Коган Анатолий Шнеерович - Войку, сын Тудора стр 152.

Шрифт
Фон

- Мой Джованни, ты вновь ищешь сложности, - со смехом ответствовал Юнис-бек. - А дело тут просто: храбрость всегда есть храбрость, ибо всегда видна. Может быть, у нее разный вкус, ибо разны люди, - добавил юноша, пригубив снова кубок, - может, и разный цвет. Но я не знаток - ни в винах, ни в сердцах. Пусть об этом рассуждают мудрецы, мое дело - сражаться.

- Не думая вовсе о том, что движет тобою, что рождает в тебе храбрость? - осторожно спросил Анджолелло. - В тебе и в тех, кто преграждает тебе путь с оружием в руках?

Молодой осман отпил еще глоток, смакуя пленное вино, словно ласку красивой полонянки.

- Я не думал об этом, мой Джованни, - сказал он наконец с искренней, обезоруживающей улыбкой. - Может, в этом моя вина; может, мыслить о том - мой долг. Но вот что слышал я: в разных странах не могут понять, откуда храбрость в сердцах осман, столь покорным своим начальникам; ибо древние говорили: рабы не могут быть отважными, а мы-де - рабы. Иные даже находят причину: османами движет-де безумство веры, безумство слепой вражды и ненависти ко всем иным племенам.

- Может быть, они видели наших дервишей, мой Юнис, - в свою очередь улыбнулся Анджолелло. - И наших янычар.

- Тогда они неправы, - отвечал бек. - Истинные османы, потомки тех, кого поднял в поход сам Осман-бей, не поили никогда свою храбрость нечистою водой ненависти. Не злоба гнала турок из глубин Малой Азии, но голод и нужда. А ненависть - от тех, кто влился в наши ряды позднее, особенно же от тех, кто приходит теперь, привлеченный золотом и властью, соблазнившись славою наших знамен. Ведь мы, османы, что бы ни говорили о нас в Мире тьмы, мы так доверчивы и дом наш так открыт! Прими, кто бы он ни был, ислам, и он - уже наш!

- Это правда, - кивнул мессер Джованни. - И двери все для него - настежь.

- Ненависть и злоба - дар пришельцев, - повторил Юнис-бек. - Ты знаешь, что в жилах янычар течет не наша, чужая кровь. Но янычар к нам привозят еще мальчишками, вырвав из родных семей. Гораздо хуже те, которые приходят в зрелых годах, по зрелому размышлению, отрекшись от веры и имени отцов. Они и сеют ненависть, нетерпимость, вражду. На каждом шагу, стремясь показать, как преданны они новой вере и верны султану, - да славится имя его! - они громче всех кричат о мести кяфирам, о священной войне, требуют крови и огня. Ренегаты - так, кажется, вы их зовете? - ренегаты ныне позор наш и бич, ибо на каждом шагу стремятся показывать всем, что они более турки, чем сам его священное величество, прямой праправнук Осман-бея. Старые османы недаром говорят: ренегаты, покарай их аллах всемогущий, погубят наше царство и обратят в пепел плоды наших побед, ибо злобой своей поднимут на осман весь мир.
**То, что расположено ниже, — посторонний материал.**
(* Let $G$ be a finite simple graph with a perfect matching $M$ and let $\mathcal{C}$ be an optimal edge $2$-colouring of $G$; write $\mathrm{cl}(e)$ for the colour of an edge $e$ and $\mathrm{mcl}(u)$ for the colour of the edge of $M$ at vertex $u$. Let $T$ be a rooted tree with $|V(T)|>1$ which is a subgraph of $G\setminus M$, with root $r$ and set of leaves $L$, equipped with a depth-first ordering and the induced total order $\preceq$ (see context). Suppose that for every $u\in L\cup\{r\}$, every edge of $T$ incident with $u$ has colour $\mathrm{mcl}(u)$. Then there is a set $P=\{(u_i,v_i): i=1,\ldots,|L|\}$ of pairs of vertices of $T$ such that: (a) for $i\ne j$, $u_i\ne u_j$; (b) $u_i\prec v_i$ for all $1\le i\le |L|$; (c) $\mathrm{mcl}(u_i)=\mathrm{mcl}(v_i)$ for all $i$; (d) the path $u_iTv_i$ is monochromatic, with all its edges coloured $\mathrm{mcl}(u_i)$, for all $i$; (e) for every internal vertex $z$ of the path $u_iTv_i$, $\mathrm{mcl}(z)\ne \mathrm{mcl}(u_i)$, for all $i$; (f) for $i\ne j$ with $u_iv_i\in M$ and $u_jv_j\in M$, the paths $u_iTv_i$ and $u_jTv_j$ do not share an internal vertex.
   Context: $G\setminus M$ is the spanning subgraph of $G$ with edge set $E(G)\setminus M$. An edge $2$-colouring assigns colours to edges (not necessarily properly) so that every vertex sees at most $2$ distinct colours on its incident edges; optimal means the number of colours used is maximum. For a rooted tree $T$, the leaves are the non-root vertices with no children. A depth-first ordering of $T$ is an indexing $\mathrm{dfs}_T: V(T)\to\{1,\dots,|V(T)|\}$ obtained from a depth-first traversal from the root, so that if $v$ is a descendant of $u$ then $\mathrm{dfs}_T(u)<\mathrm{dfs}_T(v)$ (the root has the minimum index). The order $\preceq$ on $V(T)$ is defined by $u\preceq v$ iff $\mathrm{dfs}_T(u)\ge \mathrm{dfs}_T(v)$ (so the root is the maximum element); $u\prec v$ means $u\preceq v$ and $u\ne v$. For vertices $x,y$ of $T$, $xTy$ denotes the unique $x$–$y$ path in $T$; its internal vertices are those other than $x,y$. *)

theory Defs
  imports Main
begin

definition simple_graph :: "'a set \<Rightarrow> 'a set set \<Rightarrow> bool" where
  "simple_graph V E \<longleftrightarrow> finite V \<and> (\<forall>e\<in>E. e \<subseteq> V \<and> card e = 2)"

definition perfect_matching :: "'a set \<Rightarrow> 'a set set \<Rightarrow> 'a set set \<Rightarrow> bool" where
  "perfect_matching V E M \<longleftrightarrow> M \<subseteq> E \<and> (\<forall>v\<in>V. \<exists>!e. e \<in> M \<and> v \<in> e)"

definition edge_2_colouring :: "'a set \<Rightarrow> 'a set set \<Rightarrow> ('a set \<Rightarrow> nat) \<Rightarrow> bool" where
  "edge_2_colouring V E col \<longleftrightarrow> (\<forall>v\<in>V. card (col ` {e\<in>E. v \<in> e}) \<le> 2)"

definition num_colours :: "'a set set \<Rightarrow> ('a set \<Rightarrow> nat) \<Rightarrow> nat" where
  "num_colours E col = card (col ` E)"

definition optimal_2_colouring :: "'a set \<Rightarrow> 'a set set \<Rightarrow> ('a set \<Rightarrow> nat) \<Rightarrow> bool" where
  "optimal_2_colouring V E col \<longleftrightarrow> edge_2_colouring V E col \<and>
     (\<forall>col'. edge_2_colouring V E col' \<longrightarrow> num_colours E col' \<le> num_colours E col)"

definition mcl :: "'a set set \<Rightarrow> ('a set \<Rightarrow> nat) \<Rightarrow> 'a \<Rightarrow> nat" where
  "mcl M col u = col (THE e. e \<in> M \<and> u \<in> e)"

definition is_walk :: "'a set set \<Rightarrow> 'a list \<Rightarrow> bool" where
  "is_walk F p \<longleftrightarrow> p \<noteq> [] \<and> (\<forall>i. Suc i < length p \<longrightarrow> {p ! i, p ! Suc i} \<in> F)"

definition is_path :: "'a set set \<Rightarrow> 'a list \<Rightarrow> bool" where
  "is_path F p \<longleftrightarrow> is_walk F p \<and> distinct p"

definition path_edges :: "'a list \<Rightarrow> 'a set set" where
  "path_edges p = {{p ! i, p ! Suc i} | i. Suc i < length p}"

definition internal_vertices :: "'a list \<Rightarrow> 'a set" where
  "internal_vertices p = set (butlast (tl p))"

definition is_cycle :: "'a set set \<Rightarrow> 'a list \<Rightarrow> bool" where
  "is_cycle F p \<longleftrightarrow> is_path F p \<and> length p \<ge> 3 \<and> {last p, hd p} \<in> F"

definition is_tree :: "'a set \<Rightarrow> 'a set set \<Rightarrow> bool" where
  "is_tree VT ET \<longleftrightarrow> VT \<noteq> {} \<and> (\<forall>e\<in>ET. e \<subseteq> VT \<and> card e = 2) \<and>
     (\<forall>x\<in>VT. \<forall>y\<in>VT. \<exists>p. is_path ET p \<and> hd p = x \<and> last p = y) \<and>
     \<not> (\<exists>p. is_cycle ET p)"

definition tpath :: "'a set set \<Rightarrow> 'a \<Rightarrow> 'a \<Rightarrow> 'a list" where
  "tpath ET x y = (THE p. is_path ET p \<and> hd p = x \<and> last p = y)"

definition descendants :: "'a set \<Rightarrow> 'a set set \<Rightarrow> 'a \<Rightarrow> 'a \<Rightarrow> 'a set" where
  "descendants VT ET r u = {v\<in>VT. u \<in> set (tpath ET r v)}"

definition children :: "'a set \<Rightarrow> 'a set set \<Rightarrow> 'a \<Rightarrow> 'a \<Rightarrow> 'a set" where
  "children VT ET r u = {v \<in> descendants VT ET r u. v \<noteq> u \<and> {u, v} \<in> ET}"

definition leaves :: "'a set \<Rightarrow> 'a set set \<Rightarrow> 'a \<Rightarrow> 'a set" where
  "leaves VT ET r = {v\<in>VT. v \<noteq> r \<and> children VT ET r v = {}}"

(* depth-first (preorder) ordering: a bijection onto {1..|V(T)|} in which
   every subtree receives a contiguous block of indices starting at its root *)
definition dfs_ordering :: "'a set \<Rightarrow> 'a set set \<Rightarrow> 'a \<Rightarrow> ('a \<Rightarrow> nat) \<Rightarrow> bool" where
  "dfs_ordering VT ET r dfs \<longleftrightarrow> bij_betw dfs VT {1..card VT} \<and>
     (\<forall>u\<in>VT. dfs ` descendants VT ET r u =
        {dfs u ..< dfs u + card (descendants VT ET r u)})"

definition dfs_le :: "('a \<Rightarrow> nat) \<Rightarrow> 'a \<Rightarrow> 'a \<Rightarrow> bool" where
  "dfs_le dfs u v \<longleftrightarrow> dfs u \<ge> dfs v"

definition dfs_less :: "('a \<Rightarrow> nat) \<Rightarrow> 'a \<Rightarrow> 'a \<Rightarrow> bool" where
  "dfs_less dfs u v \<longleftrightarrow> dfs_le dfs u v \<and> u \<noteq> v"

end

(* A vertex x of T belongs to the component K(x) of all vertices joined to x by a tree path
   coloured mcl(x); its leader is the dfs-first vertex of K(x) with the same matching colour.
   Every vertex u that is not its own leader is paired with the first vertex v after u on the
   path from u to its leader with mcl(v) = mcl(u); properties (b)-(e) are then immediate.
   If two such paths share an internal vertex z, then z sees both path colours on tree edges
   while mcl(z) differs from both, so the colours agree; then u_1 and u_2 lie in one component,
   have the same leader, and both paths continue from z to the same partner, so two matching
   edges would share it.  There are at least |L| non-leaders: sending each leader x that has a
   tree edge of colour mcl(x) to the dfs-first vertex of K(x) is injective (otherwise that
   vertex would see three colours, counting its parent edge, or violate the hypothesis at the
   root) and avoids the leaves, all of which have such an edge. *)

theory Submission
  imports Defs
begin

lemma is_walk_iff_successively:
  "is_walk F p \<longleftrightarrow> p \<noteq> [] \<and> successively (\<lambda>x y. {x, y} \<in> F) p"
  by (simp add: is_walk_def successively_conv_nth)

lemma is_walk_simps [simp]:
  "\<not> is_walk F []"
  "is_walk F [x]"
  "is_walk F (x # y # xs) \<longleftrightarrow> {x, y} \<in> F \<and> is_walk F (y # xs)"
  by (simp_all add: is_walk_iff_successively)

lemma is_walk_append:
  "is_walk F (xs @ y # ys) \<longleftrightarrow> is_walk F (xs @ [y]) \<and> is_walk F (y # ys)"
  by (induction xs rule: induct_list012) auto

lemma is_walk_rev [simp]: "is_walk F (rev p) \<longleftrightarrow> is_walk F p"
  by (simp add: is_walk_iff_successively insert_commute)

lemma path_edges_conv_image:
  "path_edges p = (\<lambda>i. {p ! i, p ! Suc i}) ` {..<length p - 1}"
  unfolding path_edges_def by auto

lemma path_edges_simps [simp]:
  "path_edges [] = {}"
  "path_edges [x] = {}"
  "path_edges (x # y # xs) = insert {x, y} (path_edges (y # xs))"
  by (simp_all add: path_edges_conv_image lessThan_Suc_eq_insert_0 image_image)

lemma path_edges_append:
  "path_edges (xs @ y # ys) = path_edges (xs @ [y]) \<union> path_edges (y # ys)"
  by (induction xs rule: induct_list012) auto

lemma path_edges_rev [simp]: "path_edges (rev p) = path_edges p"
proof (induction p rule: induct_list012)
  case (3 x y zs)
  have "path_edges (rev (x # y # zs)) = path_edges (rev zs @ [y]) \<union> path_edges [y, x]"
    using path_edges_append[of "rev zs" y "[x]"] by simp
  moreover have "{y, x} = {x, y}" by blast
  ultimately show ?case using "3.IH"(2) by simp
qed simp_all

lemma walk_vertices_subset:
  assumes "is_walk F p" "\<forall>e\<in>F. e \<subseteq> S" "hd p \<in> S"
  shows "set p \<subseteq> S"
  using assms
proof (induction p rule: induct_list012)
  case (3 x y zs)
  have "{x, y} \<in> F" "is_walk F (y # zs)" using "3.prems"(1) by simp_all
  moreover have "y \<in> S" using calculation(1) "3.prems"(2) by blast
  ultimately show ?case using "3.IH"(2) "3.prems" by simp
qed simp_all

lemma walk_to_path:
  assumes "is_walk F w"
  shows "\<exists>p. is_path F p \<and> hd p = hd w \<and> last p = last w \<and> set p \<subseteq> set w \<and>
    path_edges p \<subseteq> path_edges w"
  using assms
proof (induction "length w" arbitrary: w rule: less_induct)
  case less
  show ?case
  proof (cases "distinct w")
    case True
    then show ?thesis using less.prems unfolding is_path_def by blast
  next
    case False
    then obtain xs ys zs y where w: "w = xs @ y # ys @ y # zs"
      using not_distinct_decomp by fastforce
    let ?w' = "xs @ y # zs"
    have "is_walk F (xs @ [y])" "is_walk F ((y # ys) @ y # zs)"
      using less.prems w is_walk_append[of F xs y "ys @ y # zs"] by simp_all
    then have "is_walk F ?w'"
      using is_walk_append[of F "y # ys" y zs] is_walk_append[of F xs y zs] by simp
    moreover have "length ?w' < length w" using w by simp
    ultimately obtain p where p: "is_path F p" "hd p = hd ?w'" "last p = last ?w'"
      "set p \<subseteq> set ?w'" "path_edges p \<subseteq> path_edges ?w'"
      using less.hyps by blast
    have "path_edges ?w' \<subseteq> path_edges w"
      using path_edges_append[of xs y zs] path_edges_append[of xs y "ys @ y # zs"]
        path_edges_append[of "y # ys" y zs] w by auto
    moreover have "hd ?w' = hd w" "last ?w' = last w" "set ?w' \<subseteq> set w"
      using w by (cases xs; simp; blast)+
    ultimately show ?thesis using p by (metis subset_trans)
  qed
qed

locale tree =
  fixes VT :: "'a set" and ET :: "'a set set"
  assumes is_tree: "is_tree VT ET"
begin

lemma edge_subset: "e \<in> ET \<Longrightarrow> e \<subseteq> VT"
  using is_tree unfolding is_tree_def by blast

lemma edge_ends_distinct: "{x, y} \<in> ET \<Longrightarrow> x \<noteq> y"
  using is_tree unfolding is_tree_def by fastforce

lemma path_unique:
  "is_path ET p \<Longrightarrow> is_path ET q \<Longrightarrow> hd p = hd q \<Longrightarrow> last p = last q \<Longrightarrow> p = q"
proof (induction p arbitrary: q)
  case (Cons x p')
  obtain q' where q: "q = x # q'"
    using Cons.prems(2,3) unfolding is_path_def by (cases q) auto
  have x: "x \<notin> set p'" "x \<notin> set q'" using Cons.prems(1,2) q unfolding is_path_def by auto
  consider "p' = []" "q' = []" | "p' \<noteq> []" "q' \<noteq> []"
    using Cons.prems(4) q x by (cases "p' = []"; cases "q' = []") auto
  then show ?case
  proof cases
    case 2
    have paths: "is_path ET p'" "is_path ET q'" "last p' = last q'"
      using Cons.prems 2 q unfolding is_path_def
      by (auto simp: neq_Nil_conv)
    show ?thesis
    proof (cases "hd p' = hd q'")
      case True
      then show ?thesis using Cons.IH paths q by simp
    next
      case False
      \<comment> \<open>the first vertex of p' on q' closes a cycle through x\<close>
      obtain as m bs where p': "p' = as @ m # bs" and m: "m \<in> set q'"
        and as: "\<forall>z\<in>set as. z \<notin> set q'"
        using split_list_first_prop[of p' "\<lambda>z. z \<in> set q'"] paths(3) 2 last_in_set by metis
      obtain us vs where q': "q' = us @ m # vs" using split_list[OF m] by blast
      let ?c = "x # as @ m # rev us"
      have "is_walk ET (x # as @ [m])"
        using Cons.prems(1) p' is_walk_append[of ET "x # as" m bs] unfolding is_path_def by simp
      moreover have "is_walk ET (m # rev us)"
        using paths(2) q' is_walk_append[of ET us m vs] is_walk_rev[of ET "us @ [m]"]
        unfolding is_path_def by simp
      ultimately have "is_walk ET ?c" using is_walk_append[of ET "x # as" m "rev us"] by simp
      moreover have "distinct ?c"
        using Cons.prems(1) paths(2) x as p' q' unfolding is_path_def by auto
      moreover have "as \<noteq> [] \<or> us \<noteq> []" using False p' q' by auto
      then have "length ?c \<ge> 3" by (auto simp: Suc_le_eq)
      moreover have "{x, hd q'} \<in> ET" using Cons.prems(2) q 2 by (cases q') (auto simp: is_path_def)
      then have "{last ?c, hd ?c} \<in> ET" using q' by (cases us) (auto simp: insert_commute)
      ultimately have "is_cycle ET ?c" unfolding is_cycle_def is_path_def by blast
      then show ?thesis using is_tree unfolding is_tree_def by blast
    qed
  qed (use q in simp)
qed (simp add: is_path_def)

lemma tpath_eq: "is_path ET p \<Longrightarrow> tpath ET (hd p) (last p) = p"
  unfolding tpath_def by (rule the_equality) (auto intro: path_unique)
Юнис-бек протянул хозяину опустевшую чарку, которую итальянец тут же наполнил.

- Вот за что я более всех люблю тебя, мой Джованни, - заключил он уже спокойно. - За то, что ты не похож на них; за то, что не раб ты, но друг, и служишь верно Хранителю справедливости, не изменяя Христу.

Анджолелло не отвечал. Год всего прошел, а как повзрослел этот вчерашний мальчишка! Любимец войска, любимец султана… Последнее, впрочем, ныне значит совсем не то, что в прежние времена, когда в этих словах звучал позор; стареющему падишаху теперь уже не до мальчиков. Но что осталось, действительно, султану Мухаммеду, отказавшемуся в свое время от братьев, далекому от собственных сыновей? Капризная мадонна Слава? Или сам он, Джованьолли, двуногий попугай султана. Или Кара-Али, палач? Да, турки страшны, жить среди турок опасно и тяжко. Но многое простится жестоким османам, пока среди них рождаются такие юноши, как Юнис-бек!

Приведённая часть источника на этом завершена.